FutbolGündem

Biz 2016’nın olabilme ihtimalini sevdik

Bali Balayı Turları

Bir tarafta: Platini, Zidane
Diğer tarafta:Şeniz Erzik, Mahmut Özgener.

Başbakan Tayyip Erdoğan ile de Sarkozy eşleşmesi söz konusu…
Hadi işin siyasi boyutunu bir tarafa bırakalım ki sonucu etkileyen en önemli faktör bu olmasına rağmen, gene de biz spor insanlarının eşleşmesine bakalım…
Sayın Erzik spor bürokrasisinden gelen bir insan,
Sayın Özgener ise spor kulübü başkanlığı yapıp dış destek ile Federasyon başkanı seçilmiş bir kişi.
Futbol ile ilişkilerine baktığımızda her iki insanımız da ulusal ve uluslar arası arenada sporcu veya antrenör olarak herhangi ciddi bir geçmişleri olmadığını görüyoruz.
Şimdi gelelim Zidane ve Platini’ye…
Platini Avrupa ve Dünya Futbolunun gelmiş geçmiş en önemli isimlerinden; hem oynadığı kulüplerin kalitesi ile hem de Avrupa’da üç kez yılın futbolcusu seçilmesiyle.
Zidane için sadece Dünya Kupasını kazandırması yeter de artar bile…
Zaten bu eşleşme kafadan durumu 2-0 mağlup hale getiriyor.
Bence kimsenin Platini’ye kızmaya hakkı yok ki aynı durumda Sayın Erzik olsaydı aynı şeyi yapardı…

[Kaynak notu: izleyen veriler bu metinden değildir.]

(* For $r>1$ the period function satisfies: (a) if $p<q$ and $q>0$: $\Theta\big(\frac{pq}{p-q},q,r^{\frac{q-p}{q}}\big)=\frac{q-p}{q}\Theta(p,q,r)$; (b) if $p<q$ and $p<0$: $\Theta\big(p,\frac{pq}{q-p},r^{\frac{p-q}{p}}\big)=\frac{p-q}{p}\Theta(p,q,r)$; (c) if $p<q$: $\Theta(-q,-p,r)=\Theta(p,q,r)$.
   Context: For $p<q$ and $r>1$ define $$\Theta(p,q,r)=\int_1^r\frac{dx}{\sqrt{\left(\frac{r^p-r^q}{r^p-1}+\frac{r^q-1}{r^p-1}x^p\right)^{2/q}-x^2}}\quad (p\ne0,\ q\ne0),$$ $$\Theta(0,q,r)=\int_1^r\frac{dx}{\sqrt{\left(1+\frac{r^q-1}{\log r}\log x\right)^{2/q}-x^2}},\qquad \Theta(p,0,r)=\int_1^r\frac{dx}{\sqrt{r^{\frac{2(x^p-1)}{r^p-1}}-x^2}}.$$ *)

theory Defs
  imports "HOL-Analysis.Analysis"
begin

text \<open>The period function Theta(p,q,r), for p < q and r > 1. The integral over [1,r]
  is improper (the integrand blows up at the endpoints); it is rendered as the
  Henstock--Kurzweil integral over the closed interval (the integrand is nonnegative,
  so this agrees with the improper Riemann integral when that converges).\<close>

definition Theta :: "real \<Rightarrow> real \<Rightarrow> real \<Rightarrow> real" where
  "Theta p q r =
     (if p = 0 then
        integral {1..r} (\<lambda>x. 1 / sqrt ((1 + (r powr q - 1) / ln r * ln x) powr (2 / q) - x\<^sup>2))
      else if q = 0 then
        integral {1..r} (\<lambda>x. 1 / sqrt (r powr (2 * (x powr p - 1) / (r powr p - 1)) - x\<^sup>2))
      else
        integral {1..r} (\<lambda>x. 1 / sqrt (((r powr p - r powr q) / (r powr p - 1)
                                         + (r powr q - 1) / (r powr p - 1) * x powr p) powr (2 / q) - x\<^sup>2)))"

end

theory Submission
  imports Defs
begin

text \<open>Let \<open>pmean r s w\<close> be the weighted \<open>s\<close>-power mean of \<open>1\<close> and \<open>r\<close> with weights
  \<open>1 - w\<close> and \<open>w\<close> (the geometric mean for \<open>s = 0\<close>). Then \<open>Theta p q r\<close> is the integral of
  \<open>1 / sqrt (F x\<^sup>2 - x\<^sup>2)\<close> over \<open>[1,r]\<close>, where \<open>F = pmean r q \<circ> (pmean r p)\<^sup>-\<^sup>1\<close> is an
  increasing bijection of \<open>[1,r]\<close>, and the strict power mean inequality gives \<open>x < F x\<close>
  inside.
  For (a), the substitution \<open>x \<mapsto> x powr c\<close> with \<open>c = (q - p) / q\<close> turns the map \<open>F\<close> of
  the new parameters into \<open>F x * x powr (c - 1)\<close>, so the integral just scales by \<open>c\<close>.
  For (c), \<open>pmean r (-p) (1 - w) = r / pmean r p w\<close> shows that the map \<open>G\<close> of \<open>(-q, -p)\<close>
  satisfies \<open>G (r / F x) = r / x\<close>. Substituting \<open>u = r / F x\<close> turns \<open>Theta (-q) (-p) r\<close>
  into the integral of \<open>x F' x / (F x sqrt (F x\<^sup>2 - x\<^sup>2))\<close>, which differs from
  \<open>Theta p q r\<close> by the integral of the derivative of \<open>arcsin (x / F x)\<close>; that vanishes
  because \<open>F\<close> fixes \<open>1\<close> and \<open>r\<close>.
  Part (b) is (a) for \<open>(-q, -p)\<close> conjugated by (c).\<close>

section \<open>Elementary inequalities for real powers\<close>

lemma convex_comb_1_pos:
  fixes w a :: real
  shows "0 \<le> w \<Longrightarrow> w \<le> 1 \<Longrightarrow> 0 < a \<Longrightarrow> 0 < 1 - w + w * a"
  by (cases "w = 1") (auto intro: add_pos_nonneg)

lemma mult_powr_minus_one_pos:
  fixes r p :: real
  assumes "1 < r" "p \<noteq> 0"
  shows "0 < p * (r powr p - 1)"
  using assms by (cases "0 < p") (auto intro!: mult_neg_neg simp: powr_less_one)

lemma ln_less_minus_one: "0 < (x::real) \<Longrightarrow> x \<noteq> 1 \<Longrightarrow> ln x < x - 1"
  using ln_le_minus_one[of x] ln_eq_minus_one[of x] by (auto simp: order_le_less)

lemma powr_less_one_plus:
  fixes t z :: real
  assumes "0 < t" "t \<noteq> 1" "0 < z" "z < 1"
  shows "t powr z < 1 + z * (t - 1)"
proof -
  define m where "m = 1 + z * (t - 1)"
  have "m = (1 - z) + z * t" "m - t = (1 - z) * (1 - t)" "m - 1 = z * (t - 1)"
    by (simp_all add: m_def algebra_simps)
  then have m: "0 < m" "t / m \<noteq> 1" "1 / m \<noteq> 1"
    using assms by (auto intro!: add_pos_pos)
  \<comment> \<open>the tangent of \<open>ln\<close> at \<open>m\<close> lies strictly above \<open>ln\<close> at \<open>t\<close> and at \<open>1\<close>\<close>
  have "z * ln (t / m) + (1 - z) * ln (1 / m) < z * (t / m - 1) + (1 - z) * (1 / m - 1)"
    using m assms by (intro add_strict_mono mult_strict_left_mono ln_less_minus_one) auto
  also have "\<dots> = 0"
    using m by (simp add: m_def field_simps)
  finally have "ln (t powr z) < ln m"
    using m assms by (simp add: ln_div ln_powr algebra_simps)
  then have "t powr z < m"
    using m(1) assms by (subst (asm) ln_less_cancel_iff) auto
  then show ?thesis
    by (simp add: m_def)
qed

lemma one_plus_less_powr:
  fixes t z :: real
  assumes "0 < t" "t \<noteq> 1" "z < 0 \<or> 1 < z"
  shows "1 + z * (t - 1) < t powr z"
  using assms(3)
proof
  assume "1 < z"
  have "(t powr z) powr (1 / z) < 1 + 1 / z * (t powr z - 1)"
    using assms \<open>1 < z\<close> by (intro powr_less_one_plus) (auto simp: powr_eq_one_iff_gen)
  then show ?thesis
    using assms \<open>1 < z\<close> by (simp add: powr_powr field_simps)
next
  assume "z < 0"
  \<comment> \<open>AM-GM for \<open>t powr z\<close> and \<open>t\<close> with weights \<open>1 / (1 - z)\<close> and \<open>- z / (1 - z)\<close>,
    whose weighted geometric mean is \<open>t powr 0 = 1\<close>\<close>
  have "(t powr (z - 1)) powr (1 / (1 - z)) < 1 + 1 / (1 - z) * (t powr (z - 1) - 1)"
    using assms \<open>z < 0\<close> by (intro powr_less_one_plus) (auto simp: powr_eq_one_iff_gen)
  moreover have "(t powr (z - 1)) powr (1 / (1 - z)) = 1 / t"
  proof -
    have "(z - 1) * (1 / (1 - z)) = -1"
      using \<open>z < 0\<close> by (simp add: field_simps)
    then show ?thesis
      using assms by (simp add: powr_powr powr_minus_divide)
  qed
  ultimately have "(1 - z) * t * (1 / t) < (1 - z) * t * (1 + 1 / (1 - z) * (t powr (z - 1) - 1))"
    using assms \<open>z < 0\<close> by (intro mult_strict_left_mono) auto
  also have "\<dots> = (1 - z) * t + t * t powr (z - 1) - t"
    using \<open>z < 0\<close> by (simp add: field_simps)
  also have "t * t powr (z - 1) = t powr z"
    using assms by (simp add: powr_diff)
  finally show ?thesis
    using assms by (simp add: algebra_simps)
qed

Sorun: bizim uluslararası futbol alanında kuvvetli isimlere sahip olamamamızdır.
Ne oynanan veya çalıştırılan kulüp kalitesiyle,
Ne de elde edilen başarıların büyüklüğü ile…
Bir tek Galatasaray’ın ve Dünya üçüncüsü Ulusal Takımın arkasına saklanarak bir ömür geçmez.
Doğru olan başarılardaki süreklilik ile beraber Avrupa Futbol Alanında aktif olarak görev almaktır. ‘Futbolcu’ olarak, ‘teknik adam’ olarak…
Aksi taktir de işimiz Godo’yu beklemeye döner.
Gene de Şenol Güneş, Fatih Terim, Hakan Şükür’ün orada olması konusunda yapılan yorumlarda az da olsa yarar vardı.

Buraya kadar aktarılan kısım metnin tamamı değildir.